What readers should look for with subgroup analyses
Readers should be wary of trials that report many subgroup analyses, unless the investigators provide valid reasons. Also, beware of trials that provide a small number of subgroup analyses. They might have done many and just cherry-picked the interesting and significant ones. Consequently, faulty reporting could mean that trials with few subgroup analyses are even worse than the trials with many. Investigators have more credence if they state that they reported all the analyses done. Furthermore, researchers should label nonprespecified subgroup analyses as hypothesis generating rather than confirming. Such findings should not appear in the conclusions.

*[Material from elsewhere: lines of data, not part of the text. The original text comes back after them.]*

lemma sublinear_has_linear_minorant: "\<exists>L\<in>blk n. \<forall>x\<in>blk n. ip n L x \<le> g x"
proof -
  have "g (\<lambda>j. 2 * 0) = 2 * g (\<lambda>j. 0)"
    by (rule pos_homogeneous) auto
  then have g0: "g (\<lambda>j. 0) = 0"
    by simp
  have "\<exists>L\<in>blk k. \<forall>x\<in>blk k. ip k L x \<le> g x" if "k \<le> n" for k
    using that
  proof (induction k)
    case 0
    show ?case
      by (simp add: blk_0 ip_def g0)
  next
    case (Suc k)
    then obtain L where "L \<in> blk k" "\<forall>x\<in>blk k. ip k L x \<le> g x"
      by auto
    then show ?case
      using linear_minorant_extend[of k L] Suc.prems by simp
  qed
  then show ?thesis
    by blast
qed

end

definition bcone :: "(nat \<Rightarrow> real) set \<Rightarrow> bool" where
  "bcone K \<longleftrightarrow> (\<forall>x\<in>K. \<forall>y\<in>K. (\<lambda>k. x k + y k) \<in> K) \<and> (\<forall>x\<in>K. \<forall>t\<ge>0. (\<lambda>k. t * x k) \<in> K)"

lemma bcone_add: "bcone K \<Longrightarrow> x \<in> K \<Longrightarrow> y \<in> K \<Longrightarrow> (\<lambda>k. x k + y k) \<in> K"
  by (simp add: bcone_def)

lemma bcone_scale: "bcone K \<Longrightarrow> x \<in> K \<Longrightarrow> 0 \<le> t \<Longrightarrow> (\<lambda>k. t * x k) \<in> K"
  by (simp add: bcone_def)

lemma bcone_zero: "bcone K \<Longrightarrow> K \<noteq> {} \<Longrightarrow> (\<lambda>k. 0) \<in> K"
  using bcone_scale[of K _ 0] by auto

locale absorbing_cone =
  fixes m :: nat and K :: "(nat \<Rightarrow> real) set" and d :: "nat \<Rightarrow> real"
  assumes K_blk: "K \<subseteq> blk m" and K_nonempty: "K \<noteq> {}" and cone: "bcone K"
    and d_blk: "d \<in> blk m"
    and absorbing: "\<And>x. x \<in> blk m \<Longrightarrow> \<exists>t. (\<lambda>k. x k + t * d k) \<in> K"
    and minus_d_notin: "(\<lambda>k. - d k) \<notin> K"
begin

definition shifts :: "(nat \<Rightarrow> real) \<Rightarrow> real set" where
  "shifts x = {t. (\<lambda>k. x k + t * d k) \<in> K}"

definition gauge :: "(nat \<Rightarrow> real) \<Rightarrow> real" where
  "gauge x = Inf (shifts x)"

lemma shifts_add:
  assumes "a \<in> shifts x" "b \<in> shifts y"
  shows "a + b \<in> shifts (\<lambda>k. x k + y k)"
proof -
  have "(\<lambda>k. (x k + a * d k) + (y k + b * d k)) \<in> K"
    using assms bcone_add[OF cone] by (simp add: shifts_def)
  then show ?thesis
    by (simp add: shifts_def algebra_simps)
qed

lemma shifts_scale:
  assumes "a \<in> shifts x" "0 \<le> t"
  shows "t * a \<in> shifts (\<lambda>k. t * x k)"
proof -
  have "(\<lambda>k. t * (x k + a * d k)) \<in> K"
    using assms bcone_scale[OF cone] by (simp add: shifts_def)
  then show ?thesis
    by (simp add: shifts_def algebra_simps)
qed

lemma shifts_zero_nonneg:
  assumes "t \<in> shifts (\<lambda>k. 0)"
  shows "0 \<le> t"
proof (rule ccontr)
  assume "\<not> 0 \<le> t"
  have "(\<lambda>k. t * d k) \<in> K"
    using assms by (simp add: shifts_def)
  then have "(\<lambda>k. (- 1 / t) * (t * d k)) \<in> K"
    by (rule bcone_scale[OF cone]) (use \<open>\<not> 0 \<le> t\<close> in simp)
  moreover have "(\<lambda>k. (- 1 / t) * (t * d k)) = (\<lambda>k. - d k)"
    using \<open>\<not> 0 \<le> t\<close> by auto
  ultimately show False
    using minus_d_notin by simp
qed
(* Let $G=(V,E)$ be a graph on $n$ vertices with minimum degree $m$, where $m\to\infty$ as $n\to\infty$. For every $\varepsilon>0$ there exists a constant $k_\varepsilon$ such that if $k\geq k_\varepsilon$ then with high probability $G_k$ contains a path of length at least $(1-\varepsilon)m$.
   Context: For a fixed graph $G=(V,E)$ and a positive integer $k$, the random graph $G_k$ is obtained by letting each vertex $v\in V$ independently choose $k$ random neighbors of $v$ in $G$ (uniformly from its $G$-neighborhood), the edges of $G_k$ being all pairs $\{v,w\}$ such that $v$ chose $w$ or $w$ chose $v$. $G$ is one member of a sequence of graphs with $n\to\infty$; "with high probability" means with probability tending to $1$ as $n\to\infty$ (equivalently, as $m\to\infty$). *)

theory Defs
  imports "HOL-Probability.Probability"
begin

definition simple_graph :: "'a set \<Rightarrow> ('a \<Rightarrow> 'a \<Rightarrow> bool) \<Rightarrow> bool" where
  "simple_graph V E \<longleftrightarrow> finite V \<and> (\<forall>v w. E v w \<longrightarrow> v \<in> V \<and> w \<in> V)
      \<and> (\<forall>v w. E v w \<longrightarrow> E w v) \<and> (\<forall>v. \<not> E v v)"

definition nbrs :: "'a set \<Rightarrow> ('a \<Rightarrow> 'a \<Rightarrow> bool) \<Rightarrow> 'a \<Rightarrow> 'a set" where
  "nbrs V E v = {w \<in> V. E v w}"

definition min_degree :: "'a set \<Rightarrow> ('a \<Rightarrow> 'a \<Rightarrow> bool) \<Rightarrow> nat" where
  "min_degree V E = Min ((\<lambda>v. card (nbrs V E v)) ` V)"

text \<open>Choice distribution of a single vertex: a uniformly random set of k
distinct neighbours (if the degree is below k, all neighbours are taken;
this never matters asymptotically since the minimum degree tends to infinity).\<close>

definition choice_pmf :: "'a set \<Rightarrow> ('a \<Rightarrow> 'a \<Rightarrow> bool) \<Rightarrow> nat \<Rightarrow> 'a \<Rightarrow> 'a set pmf" where
  "choice_pmf V E k v =
     (if k \<le> card (nbrs V E v)
      then pmf_of_set {S. S \<subseteq> nbrs V E v \<and> card S = k}
      else return_pmf (nbrs V E v))"

definition choices_pmf :: "'a set \<Rightarrow> ('a \<Rightarrow> 'a \<Rightarrow> bool) \<Rightarrow> nat \<Rightarrow> ('a \<Rightarrow> 'a set) pmf" where
  "choices_pmf V E k = Pi_pmf V {} (choice_pmf V E k)"

definition Gk_edge :: "('a \<Rightarrow> 'a set) \<Rightarrow> 'a \<Rightarrow> 'a \<Rightarrow> bool" where
  "Gk_edge c v w \<longleftrightarrow> w \<in> c v \<or> v \<in> c w"

definition is_path :: "('a \<Rightarrow> 'a \<Rightarrow> bool) \<Rightarrow> 'a list \<Rightarrow> bool" where
  "is_path F xs \<longleftrightarrow> xs \<noteq> [] \<and> distinct xs \<and> (\<forall>i. Suc i < length xs \<longrightarrow> F (xs ! i) (xs ! Suc i))"

definition has_path_of_length_ge :: "('a \<Rightarrow> 'a \<Rightarrow> bool) \<Rightarrow> real \<Rightarrow> bool" where
  "has_path_of_length_ge F L \<longleftrightarrow> (\<exists>xs. is_path F xs \<and> real (length xs - 1) \<ge> L)"

end

theory Submission
  imports Defs
begin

Readers should expect interaction tests for subgroup effects. Discount analyses built on tests within subgroups. Even with a significant interaction test, readers should base interpretation of the findings on biological plausibility, on prespecification of analyses, and on the statistical strength of the information. Generally, adjustments for multiplicity are unnecessary when investigators use interaction tests. However, in view of the frequently frivolous data-dredging pursuits involved, the argument for statistical adjustments is stronger than that for multiple endpoints. Moreover, if investigators do not use interaction tests and report tests on every individual subgroup, multiplicity adjustments are appropriate. Most subgroup findings tend to exaggerate reality. Be especially suspicious of investigators highlighting a subgroup treatment effect in a trial with no overall treatment effect. They are usually superfluous subgroup salvages of otherwise indeterminate (neutral) trials (see Panel 20.1 ). ‘When the overall result of a major RCT is neutral, it is tempting to search across subgroups to see if there is a particular subgroup in which the treatment effect is favorable. In this context, subgroup claims require an especially cautious interpretation in a journal publication’.

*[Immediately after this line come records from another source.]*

lemma expansion_inline:
  assumes aG: "admissible G" and k: "k < length G" and "i < length G" "i \<noteq> k"
  shows "expansion (inline k G) i = expansion G i"
  using assms(3,4)
proof (induction i rule: measure_induct_rule[where f = "\<lambda>i. length G - i"])
  case (less i)
  let ?G' = "inline k G" and ?g = "\<lambda>s. if s = N k then G ! k else [s]"
  have unchanged: "sym_expansion ?G' s = sym_expansion G s"
    if "s \<in> set (G ! j)" "i \<le> j" "j < length G" "s \<noteq> N k" for s j
  proof (cases s)
    case (N j')
    with admissible_N_in_rule[OF aG that(3), of j'] that have "i < j'" "j' < length G" "j' \<noteq> k" by auto
    then show ?thesis using less.IH[of j'] N by simp
  qed simp
  have "concat (map (sym_expansion ?G') (?g t)) = sym_expansion G t" if t: "t \<in> set (G ! i)" for t
  proof (cases "t = N k")
    case True
    with t admissible_N_in_rule[OF aG less.prems(1)] have "i < k" by blast
    moreover have "s \<noteq> N k" if "s \<in> set (G ! k)" for s
      using that admissible_N_in_rule[OF aG k, of k] by blast
    ultimately have "map (sym_expansion ?G') (G ! k) = map (sym_expansion G) (G ! k)"
      using unchanged[of _ k] k by (intro map_cong) auto
    then show ?thesis using True expansion_rule[OF aG k] by (simp cong: map_cong)
  next
    case False
    then show ?thesis using unchanged[OF t order.refl less.prems(1)] by simp
  qed
  then show ?case
    using less.prems expansion_rule[OF admissible_inline[OF aG k], of i] expansion_rule[OF aG less.prems(1)]
    by (simp add: nth_inline concat_map_concat cong: map_cong)
qed

definition nt_count :: "'x grammar \<Rightarrow> nat \<Rightarrow> nat" where
  "nt_count G k = (\<Sum>r\<leftarrow>G. count_list r (N k))"

lemma yk_len_inline:
  assumes "admissible G" "k < length G"
  shows "yk_len (inline k G) + nt_count G k + length (G ! k) = yk_len G + nt_count G k * length (G ! k)"
proof -
  let ?g = "\<lambda>s. if s = N k then G ! k else [s]"
  define G' where "G' = map (concat \<circ> map ?g) G"
  have "count_list (G ! k) (N k) = 0"
    using admissible_N_in_rule[OF assms, of k] by (auto simp: count_list_0_iff)
  then have "length (G' ! k) = length (G ! k)"
    using length_concat_map_replace[of "N k" "G ! k" "G ! k"] assms(2) by (simp add: G'_def)
  then have "yk_len (inline k G) + length (G ! k) = yk_len G'"
    using assms(2) sum_list_update[of k "map length G'" 0] elem_le_sum_list[of k "map length G'"]
    by (simp add: inline_def yk_len_def G'_def map_update)
  moreover have "yk_len G' + nt_count G k = (\<Sum>r\<leftarrow>G. length (concat (map ?g r)) + count_list r (N k))"
    by (simp add: yk_len_def nt_count_def G'_def sum_list_addf comp_def)
  moreover have "\<dots> = (\<Sum>r\<leftarrow>G. length r + count_list r (N k) * length (G ! k))"
    by (simp only: length_concat_map_replace)
  moreover have "\<dots> = yk_len G + nt_count G k * length (G ! k)"
    by (simp add: yk_len_def nt_count_def sum_list_addf sum_list_mult_const)
  ultimately show ?thesis by simp
qed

Readers should be the most suspicious of results in which the primary comparison is neutral, the interaction test is statistically significant, and the treatment effects in the subgroups are in opposite directions. This situation is described in a drug versus placebo RCT where the overall result is neutral. ‘Against a background of low-dose aspirin, 15,603 patients at high risk of atherothrombotic events were randomized to clopidogrel or placebo. Over a median 28 months, incidence of the primary endpoint (CV death, MI, or stroke) was 6.8% versus 7.3% (p = 0.22). But, in symptomatic patients (78% of all patients), the findings for clopidogrel looked better: 6.9% versus 7.9% (p = 0.046). In contrast, the results trended in the opposition [sic] direction in asymptomatic patients: 6.6% versus 5.5% (p = 0.02). The interaction test had p = 0.045, and the authors’ conclusions included a claim of benefit for clopidogrel in symptomatic patients’. Such qualitative interactions, where the treatment effects are in opposite directions among subgroups, are usually biologically implausible and seldom occur in clinical medicine. An editorial stated that ‘the charisma of extracting favourable subgroups should be resisted’, and the New England Journal of Medicine stiffened its policy on reporting subgroup analyses.